Dana Gillihan left a message on November 13, 2019:
Bucky was a dear friend of my mom, Jo Alice Gillihan and my Dad, Allan, since their college days. I grew up with an old black and white photo of mom sitting with Bucky at a table and pretending to drop a pair of special theater tickets he had into the candle fire! He and my mom played my parents at Springfield Little Theater’s “Cheaper by the Dozen” in 1979(?) - I posted a pic somewhere here. :) Thank you for the French, and the love and the culture, Bucky. You’ve had a wonderful influence on so many at just the right time. —Dana Inimitable
Fred Hedgpeth left a message on November 13, 2019:
Mr Bowman opened my eyes to the world. I was with him on a six week tour starting in Rome and ending in London I have so many great memories of Bucky and our group. He was so much fun with a wealth of knowledge .Summer of 1973 RIP you were one of a kind. Love you
Michael (mike) Clawson left a message on November 13, 2019:
William Bowman and I attended Senior HS here in Spfd, Mo. together in the middle 50's . He was a good friend. We had lost touch with each other thru the years, There were 5 of us that had a fish dinner at the school cafeteria, on Friday, we then went on for ROTC drill together of an afternoon at the football field, We would check each other out to make sure we were properly dressed and our brass and shoes were shiny , did not want any demerits, lol, Good times together. Great memories
Barbara Bodanske left a message on November 13, 2019:
Mr. Bowman was my French teacher at Glendale High School, and my English teacher. He always made class fun, and was kind to everyone. He encouraged me to succeed and for that I will always remember him very fondly.

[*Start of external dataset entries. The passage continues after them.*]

lemma derived_set_of_pointwise_limit_outside:
  assumes "\<And>k. d k \<in> S" "z \<notin> S"
    and conv: "\<And>i. eventually (\<lambda>k. i \<in> d k \<longleftrightarrow> i \<in> z) sequentially"
  shows "pointwise_topology S derived_set_of range d = {}"
proof -
  have "w \<notin> pointwise_topology S derived_set_of range d" for w
  proof
    assume w: "w \<in> pointwise_topology S derived_set_of range d"
    then have "w \<in> S"
      using derived_set_of_subset_topspace by fastforce
    with \<open>z \<notin> S\<close> have "sym_diff w z \<noteq> {}"
      by auto
    then obtain i where i: "i \<in> sym_diff w z"
      by blast
    from conv[of i] obtain N where N: "\<And>k. k \<ge> N \<Longrightarrow> i \<in> d k \<longleftrightarrow> i \<in> z"
      by (auto simp: eventually_sequentially)
    have "k < N" if "d k \<in> cylinder S w {i}" for k
    proof (rule ccontr)
      assume "\<not> k < N"
      with that i N show False
        by (auto simp: cylinder_def)
    qed
    then have "range d \<inter> cylinder S w {i} \<subseteq> d ` {..<N}"
      by auto
    then have "finite (range d \<inter> cylinder S w {i})"
      by (rule finite_subset) simp
    moreover have "w \<in> cylinder S w {i}"
      using \<open>w \<in> S\<close> by (simp add: cylinder_def)
    moreover have "openin (pointwise_topology S) (cylinder S w {i})"
      by (simp add: openin_cylinder)
    ultimately show False
      using w unfolding derived_set_of_infinite_openin[OF Hausdorff_space_pointwise_topology]
      by blast
  qed
  then show ?thesis
    by blast
qed

lemma infinite_range_pointwise_limit_outside:
  assumes "\<And>k. d k \<in> S" "z \<notin> S"
    and conv: "\<And>i. eventually (\<lambda>k. i \<in> d k \<longleftrightarrow> i \<in> z) sequentially"
  shows "infinite (range d)"
proof
  assume "finite (range d)"
  have "eventually (\<lambda>k. d k \<noteq> v) sequentially" if "v \<in> range d" for v
  proof -
    from that assms(1,2) have "sym_diff v z \<noteq> {}"
      by auto
    then obtain i where "i \<in> sym_diff v z"
      by blast
    from conv[of i] show ?thesis
      by eventually_elim (use \<open>i \<in> sym_diff v z\<close> in auto)
  qed
  with \<open>finite (range d)\<close> have "eventually (\<lambda>k. \<forall>v\<in>range d. d k \<noteq> v) sequentially"
    by (intro eventually_ball_finite) auto
  then obtain N where "\<forall>n\<ge>N. \<forall>v\<in>range d. d n \<noteq> v"
    unfolding eventually_sequentially by blast
  then have "\<forall>v\<in>range d. d N \<noteq> v"
    by simp
  then show False
    by blast
qed

section \<open>Sequences converging to countable sets\<close>

definition initial_segment :: "'a set \<Rightarrow> nat \<Rightarrow> 'a set" where
  "initial_segment T k = {i \<in> T. to_nat_on T i < k}"

lemma finite_initial_segment: "countable T \<Longrightarrow> finite (initial_segment T k)"
  unfolding initial_segment_def
  using finite_vimage_IntI[OF finite_lessThan[of k] inj_on_to_nat_on, of T]
  by (simp add: vimage_def Int_def conj_commute)

lemma initial_segment_subset: "initial_segment T k \<subseteq> T"
  by (simp add: initial_segment_def)

lemma eventually_mem_initial_segment:
  "eventually (\<lambda>k. i \<in> initial_segment T k \<longleftrightarrow> i \<in> T) sequentially"
  unfolding initial_segment_def eventually_sequentially
  by (auto intro!: exI[of _ "Suc (to_nat_on T i)"])

lemma eventually_mem_incseq:
  assumes "incseq A" "i \<in> (\<Union>n. A n)"
  shows "eventually (\<lambda>n. i \<in> A n) sequentially"
proof -
  from assms(2) obtain m where "i \<in> A m"
    by blast
  with assms(1) show ?thesis
    unfolding eventually_sequentially incseq_def by blast
qed

definition finitary_step :: "('a set \<Rightarrow> 'a set) \<Rightarrow> 'a set \<Rightarrow> 'a set" where
  "finitary_step c X = X \<union> (\<Union>E\<in>{E. finite E \<and> E \<subseteq> X}. c E)"

definition finitary_closure :: "('a set \<Rightarrow> 'a set) \<Rightarrow> 'a set \<Rightarrow> 'a set" where
  "finitary_closure c z = (\<Union>n. (finitary_step c ^^ n) z)"

lemma subset_finitary_closure: "z \<subseteq> finitary_closure c z"
proof -
  have "z = (finitary_step c ^^ 0) z"
    by simp
  then show ?thesis
    unfolding finitary_closure_def by blast
qed

lemma countable_finitary_closure:
  assumes "countable z" and "\<And>E. finite E \<Longrightarrow> countable (c E)"
  shows "countable (finitary_closure c z)"
proof -
  have "countable (finitary_step c X)" if "countable X" for X
    unfolding finitary_step_def
    by (intro countable_Un countable_UN countable_Collect_finite_subset that) (use assms(2) in auto)
  then have "countable ((finitary_step c ^^ n) z)" for n
    using assms(1) by (rule countable_funpow)
  then show ?thesis
    unfolding finitary_closure_def by blast
qed

lemma finitary_closure_closed:
  assumes "finite E" "E \<subseteq> finitary_closure c z"
  shows "c E \<subseteq> finitary_closure c z"
proof -
  have "incseq (\<lambda>n. (finitary_step c ^^ n) z)"
    by (rule incseq_SucI) (auto simp: finitary_step_def)
  from eventually_mem_incseq[OF this] assms(2)
  have "\<forall>i\<in>E. eventually (\<lambda>n. i \<in> (finitary_step c ^^ n) z) sequentially"
    unfolding finitary_closure_def by blast
  with \<open>finite E\<close> have "eventually (\<lambda>n. \<forall>i\<in>E. i \<in> (finitary_step c ^^ n) z) sequentially"
    by (rule eventually_ball_finite)
  then obtain n where "E \<subseteq> (finitary_step c ^^ n) z"
    unfolding eventually_sequentially by blast
  with \<open>finite E\<close> have "c E \<subseteq> (finitary_step c ^^ Suc n) z"
    by (auto simp: finitary_step_def)
  then show ?thesis
    unfolding finitary_closure_def by blast
qed
lemma card_le_exchange:
  assumes "graph V E" "S \<subseteq> V" "A \<subseteq> crit1 V E S"
  shows "card S \<le> card (S - A \<union> (nbh_set V E A \<inter> N1 V E S))"
proof -
  define N where "N = nbh_set V E A \<inter> N1 V E S"
  have sym: "\<And>x y. E x y \<Longrightarrow> E y x" and "finite V"
    using assms(1) by (auto simp: graph_def)
  have "A \<subseteq> S" using assms(3) by (auto simp: crit1_def crit_def)
  have fin: "finite S" "finite N"
    using \<open>finite V\<close> assms(2) finite_subset by (auto simp: N_def N1_def)
  obtain f where f: "\<And>a. a \<in> A \<Longrightarrow> f a \<in> N1 V E S \<and> E a (f a)"
    using crit1_private_neighbour assms(3) by (metis subsetD)
  have "inj_on f A"
  proof (rule inj_onI)
    fix a b assume "a \<in> A" "b \<in> A" "f a = f b"
    then show "a = b"
      using N1_neighbour_in_S_unique[OF assms(2), where u = "f a" and s = a and t = b] f sym \<open>A \<subseteq> S\<close> by (metis subsetD)
  qed
  moreover have "f ` A \<subseteq> N"
    using f assms(2) \<open>A \<subseteq> S\<close> by (fastforce simp: N_def nbh_set_def nbh_def N1_def)
  ultimately have "card A \<le> card N"
    using card_inj_on_le fin by blast
  moreover have "N \<inter> S = {}" by (auto simp: N_def N1_def)
  then have "card (S - A \<union> N) = card (S - A) + card N"
    using fin by (intro card_Un_disjoint) auto
  moreover have "card (S - A) = card S - card A"
    using fin \<open>A \<subseteq> S\<close> by (meson card_Diff_subset finite_subset)
  moreover have "card A \<le> card S"
    using fin \<open>A \<subseteq> S\<close> card_mono by blast
  ultimately show ?thesis by (simp add: N_def)
qed
section \<open>Convexity along rays towards grid points\<close>

lemma sum_grid_weight_dilated_le_1:
  fixes Y :: "(real^'n) set" and x v :: "real^'n"
  assumes "finite Y" and "Y \<subseteq> grid \<delta>" and "0 < \<delta>" and "0 < \<theta>" and "\<theta> \<le> 1"
  shows "(\<Sum>y\<in>Y. grid_weight \<delta> (x + (1/\<theta>) *\<^sub>R (y - x)) v) \<le> 1"
proof -
  define \<phi> where "\<phi> i s = ((x$i + (s - x$i) / \<theta>) - v$i) / \<delta>" for i s
  have "(\<Sum>y\<in>Y. \<Prod>i\<in>UNIV. tent (\<phi> i (y$i))) \<le> 1"
  proof (rule sum_prod_coordinates_le_1[OF \<open>finite Y\<close> tent_nonneg])
    fix i
    have "inj (\<phi> i)"
      using \<open>0 < \<delta>\<close> \<open>0 < \<theta>\<close> by (auto intro!: injI simp: \<phi>_def field_simps)
    \<comment> \<open>dilating by 1/\<theta> \<ge> 1 keeps distinct grid coordinates at least one cell apart\<close>
    have sep: "1 \<le> \<bar>\<phi> i s - \<phi> i s'\<bar>" if "s \<in> (\<lambda>y. y$i) ` Y" "s' \<in> (\<lambda>y. y$i) ` Y" "s \<noteq> s'" for s s'
    proof -
      have "\<delta> \<le> \<bar>s - s'\<bar>"
        using that assms(2) grid_coordinate_separated[OF _ _ _ \<open>0 < \<delta>\<close>] by blast
      then have "\<delta> * \<theta> \<le> \<bar>s - s'\<bar>"
        using \<open>0 < \<delta>\<close> \<open>\<theta> \<le> 1\<close> by (smt (verit) mult_left_le)
      moreover have "\<phi> i s - \<phi> i s' = (s - s') / (\<delta> * \<theta>)"
        using \<open>0 < \<delta>\<close> \<open>0 < \<theta>\<close> by (simp add: \<phi>_def field_simps)
      then have "\<bar>\<phi> i s - \<phi> i s'\<bar> = \<bar>s - s'\<bar> / (\<delta> * \<theta>)"
        using \<open>0 < \<delta>\<close> \<open>0 < \<theta>\<close> by (simp add: abs_divide abs_mult)
      ultimately show ?thesis
        using \<open>0 < \<delta>\<close> \<open>0 < \<theta>\<close> by (simp add: le_divide_eq)
    qed
    then have "(\<Sum>a\<in>\<phi> i ` (\<lambda>y. y$i) ` Y. tent a) \<le> 1"
      using \<open>finite Y\<close> by (intro sum_tent_le_1_if_separated) (auto intro!: sep)
    then show "(\<Sum>s\<in>(\<lambda>y. y$i) ` Y. tent (\<phi> i s)) \<le> 1"
      using \<open>inj (\<phi> i)\<close> by (simp add: sum.reindex inj_on_subset[of "\<phi> i" UNIV])
  qed
  then show ?thesis
    by (simp add: grid_weight_def \<phi>_def divide_inverse mult.commute)
qed
section \<open>Concentration of the random walk\<close>

lemma (in prob_space) emeasure_indep_sum_ge_le:
  assumes K: "finite K" and indep: "indep_vars (\<lambda>_. borel) V K" and l: "0 \<le> l"
    and mgf: "\<And>k. k \<in> K \<Longrightarrow> (\<integral>\<^sup>+\<omega>. ennreal (exp (l * V k \<omega>)) \<partial>M) \<le> ennreal (exp q)"
  shows "emeasure M {\<omega> \<in> space M. a \<le> (\<Sum>k\<in>K. V k \<omega>)} \<le> ennreal (exp (- l * a + real (card K) * q))"
proof -
  have [measurable]: "V k \<in> borel_measurable M" if "k \<in> K" for k
    using indep that unfolding indep_vars_def by blast
  define E where "E = (\<lambda>k \<omega>. ennreal (exp (l * V k \<omega>)))"
  have indep_E: "indep_vars (\<lambda>_. borel) E K"
    unfolding E_def by (rule indep_vars_compose2[OF indep]) simp
  have "emeasure M {\<omega> \<in> space M. a \<le> (\<Sum>k\<in>K. V k \<omega>)}
      = (\<integral>\<^sup>+\<omega>. indicator {\<omega> \<in> space M. a \<le> (\<Sum>k\<in>K. V k \<omega>)} \<omega> \<partial>M)"
    by (rule nn_integral_indicator[symmetric]) (use K in measurable)
  also have "\<dots> \<le> (\<integral>\<^sup>+\<omega>. ennreal (exp (- l * a)) * (\<Prod>k\<in>K. E k \<omega>) \<partial>M)"
  proof (rule nn_integral_mono)
    fix \<omega>
    have "(\<Prod>k\<in>K. E k \<omega>) = ennreal (exp (l * (\<Sum>k\<in>K. V k \<omega>)))"
      by (simp add: E_def prod_ennreal exp_sum[OF K] sum_distrib_left)
    moreover have "1 \<le> exp (- l * a) * exp (l * (\<Sum>k\<in>K. V k \<omega>))" if "a \<le> (\<Sum>k\<in>K. V k \<omega>)"
      using mult_left_mono[OF that l] by (simp add: mult_exp_exp)
    ultimately show "indicator {\<omega> \<in> space M. a \<le> (\<Sum>k\<in>K. V k \<omega>)} \<omega>
        \<le> ennreal (exp (- l * a)) * (\<Prod>k\<in>K. E k \<omega>)"
      by (auto simp: indicator_def ennreal_mult[symmetric] simp flip: ennreal_1 intro!: ennreal_leI)
  qed
  also have "\<dots> = ennreal (exp (- l * a)) * (\<Prod>k\<in>K. \<integral>\<^sup>+\<omega>. E k \<omega> \<partial>M)"
    using indep_vars_nn_integral[OF K indep_E] by (subst nn_integral_cmult) (auto simp: E_def)
  also have "\<dots> \<le> ennreal (exp (- l * a)) * (\<Prod>k\<in>K. ennreal (exp q))"
    by (intro mult_left_mono prod_mono_ennreal) (auto simp: E_def mgf)
  also have "\<dots> = ennreal (exp (- l * a + real (card K) * q))"
    by (simp add: ennreal_mult[symmetric] ennreal_power mult_exp_exp flip: exp_of_nat_mult)
  finally show ?thesis .
qed
text \<open>Write u = f\<inverse>, a permutation of {1..n}, as the word u 1 ... u n and cut it after every
  right-to-left minimum. Each block ends with its smallest letter, which is also smaller than all
  later letters; reading every block as a cycle gives a permutation of {1..n}. This is a bijection:
  the word is recovered letter by letter, since a block starts with the image of the smallest
  letter not used so far. A block cycle has span at most d exactly when no letter of the block
  exceeds its last letter by more than d, and letters of later blocks are larger anyway, so all
  cycles have span at most d iff u a \<le> u b + d whenever a < b. For d = k - 2 this says that no
  two positions i + (k - 1) \<le> j of f satisfy f j < f i, i.e. that f avoids the pattern 1 > k.\<close>

definition rl_min :: "(nat \<Rightarrow> nat) \<Rightarrow> nat \<Rightarrow> nat \<Rightarrow> bool" where
  "rl_min u n j \<longleftrightarrow> (\<forall>i. j < i \<and> i \<le> n \<longrightarrow> u j < u i)"

text \<open>The value is 0 when there is no right-to-left minimum before j, so that the block ending at
  a right-to-left minimum e is always {prev_rl_min u n e + 1..e}.\<close>

definition prev_rl_min :: "(nat \<Rightarrow> nat) \<Rightarrow> nat \<Rightarrow> nat \<Rightarrow> nat" where
  "prev_rl_min u n j = Max (insert 0 ({1..<j} \<inter> Collect (rl_min u n)))"

definition block_succ :: "(nat \<Rightarrow> nat) \<Rightarrow> nat \<Rightarrow> nat \<Rightarrow> nat" where
  "block_succ u n j = (if rl_min u n j then prev_rl_min u n j + 1 else j + 1)"

definition block_cycles :: "(nat \<Rightarrow> nat) \<Rightarrow> nat \<Rightarrow> nat \<Rightarrow> nat" where
  "block_cycles u n x = (if x \<in> {1..n} then u (block_succ u n (inv u x)) else x)"

definition block :: "(nat \<Rightarrow> nat) \<Rightarrow> nat \<Rightarrow> nat \<Rightarrow> nat set" where
  "block u n e = {q. 1 \<le> q \<and> q \<le> e \<and> (\<forall>r. q \<le> r \<and> r < e \<longrightarrow> \<not> rl_min u n r)}"

definition bounded_drops :: "(nat \<Rightarrow> nat) \<Rightarrow> nat \<Rightarrow> nat \<Rightarrow> bool" where
  "bounded_drops u n d \<longleftrightarrow> (\<forall>a\<in>{1..n}. \<forall>b\<in>{1..n}. a < b \<longrightarrow> u a \<le> u b + d)"

lemma rl_min_last: "rl_min u n n"
  by (auto simp: rl_min_def)

lemma prev_rl_min_less: "1 \<le> j \<Longrightarrow> prev_rl_min u n j < j"
  unfolding prev_rl_min_def by (subst Max_less_iff) auto

lemma rl_min_le_prev_rl_min: "1 \<le> r \<Longrightarrow> r < j \<Longrightarrow> rl_min u n r \<Longrightarrow> r \<le> prev_rl_min u n j"
  unfolding prev_rl_min_def by (intro Max_ge) auto

lemma prev_rl_min_cases:
  "prev_rl_min u n j = 0 \<or>
     1 \<le> prev_rl_min u n j \<and> prev_rl_min u n j < j \<and> rl_min u n (prev_rl_min u n j)"
proof -
  have "prev_rl_min u n j \<in> insert 0 ({1..<j} \<inter> Collect (rl_min u n))"
    unfolding prev_rl_min_def by (intro Max_in) auto
  then show ?thesis by auto
qed

lemma not_rl_min_after_prev: "prev_rl_min u n j < r \<Longrightarrow> r < j \<Longrightarrow> \<not> rl_min u n r"
  using rl_min_le_prev_rl_min[of r j u n] by (cases "r = 0") auto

Phillip Stoke left a message on November 12, 2019:
Sorry to hear about Bucky's passing. I was a friend of Bucky in grade school at the old Kickapoo School on M highway (now Republic Rd.) but due to our family moving out of town I lost contact with him. Phillip Stoke
Lacey (Bradley) Hart left a message on November 12, 2019:
Mr. Bowman (he will always be a Mr. to me) was one of the best teachers and had one of the most enjoyable classrooms during the time I spent at Glendale High School in the early to mid 70s. His love of knowlege and his joy in his students' lives and accomplishments even after leaving school was remarkable and many in the class of '75 cherished him. He would recognize many of us even 40 years after being participants in his class room. He even attended one of our reunion events a few years back, a happy opportunity for many of us to enjoy his sophisticated and witty presence. Members of my sophomore English class will always remember him allowing the presentation of the now iconic Mark Spitz poster to one of our female classmates (who like all self respecting young females) was enamored with him, and then later of the iconic Farrah Fawcett poster to one of the male classmates just to keep things even! I remember his rant about how too many of the gals parted their hair in the center when only one of us truly looked best with a center part. Creative writing assignments, corrections of spelling errors and grammar, introducing us to wonderful plays such as The Man Who Came to Dinner, all are remembered fondly. He hosted many of us at a party in his home prior to our 10th reunion. Mr. Bowman made learning a joy and will be remembered with great affection. The world is a sadder place without him, but the impact of his life made the world a better place. To all who loved him, to all who knew him better than his mere students, heartfelt condolences. May you cherish your memories of this wonderful man. Lacey (Bradley)
Greenlawn left a message:
Please accept our deepest condolences for your family's loss.